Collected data

lemma core_block_max_entry:
  assumes "finite R" "finite C" "core_block P R C" "\<forall>i\<in>R. \<forall>j\<in>C. 0 \<le> P i j"
  obtains r r' c c' where "r \<in> R" "r' \<in> R" "r \<noteq> r'" "c \<in> C" "c' \<in> C" "c \<noteq> c'"
    "0 < P r c'" "0 < P r' c" "P r c' \<le> P r c" "P r' c \<le> P r c"
proof -
  let ?S = "supp_on P R C"
  have "finite ?S" "?S \<noteq> {}"
    using assms by (auto simp: finite_supp_on core_block_def)
  then obtain r c where rc: "(r, c) \<in> ?S" and max: "\<And>i j. (i, j) \<in> ?S \<Longrightarrow> P i j \<le> P r c"
    using Max_in[of "(\<lambda>(i, j). P i j) ` ?S"] Max_ge[of "(\<lambda>(i, j). P i j) ` ?S"] by fastforce
  obtain c' where c': "c' \<in> C" "c' \<noteq> c" "P r c' \<noteq> 0"
    using assms(3) rc unfolding core_block_def by blast
  obtain r' where r': "r' \<in> R" "r' \<noteq> r" "P r' c \<noteq> 0"
    using assms(3) rc unfolding core_block_def by blast
  show thesis
  proof (rule that[of r r' c c'])
    show "0 < P r c'" "0 < P r' c"
      using assms(4) rc c' r' by (force simp: supp_on_def)+
    show "P r c' \<le> P r c" "P r' c \<le> P r c"
      using max rc c' r' by (auto simp: supp_on_def)
  qed (use rc c' r' in \<open>auto simp: supp_on_def\<close>)
qed

lemma local_optimal_card_supp_less:
  assumes "local_optimal m n p q P" "0 < m + n"
  shows "card (supp m n P) < m + n"
proof (rule ccontr)
  assume "\<not> ?thesis"
  then have "card {..<m} + card {..<n} \<le> card (supp_on P {..<m} {..<n})"
    by (simp add: supp_eq_supp_on)
  then obtain R C where RC: "R \<subseteq> {..<m}" "C \<subseteq> {..<n}" "core_block P R C"
    using core_block_exists[of "{..<m}" "{..<n}" P] assms(2) by auto
  moreover have "\<forall>i\<in>R. \<forall>j\<in>C. 0 \<le> P i j"
    using assms(1) RC by (auto simp: local_optimal_def coupling_def)
  ultimately obtain r r' c c' where "r \<in> R" "r' \<in> R" "r \<noteq> r'" "c \<in> C" "c' \<in> C" "c \<noteq> c'"
    "0 < P r c'" "0 < P r' c" "P r c' \<le> P r c" "P r' c \<le> P r c"
    using core_block_max_entry[of R C P] finite_subset by blast
  then show False
    using local_optimal_corner_not_dominant[OF assms(1), of r r' c c'] RC by fastforce
qed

▸ **What is being asked**:
Return only the number of lines in the records above that include the string "forall".

▸ **Output for this exercise**:
2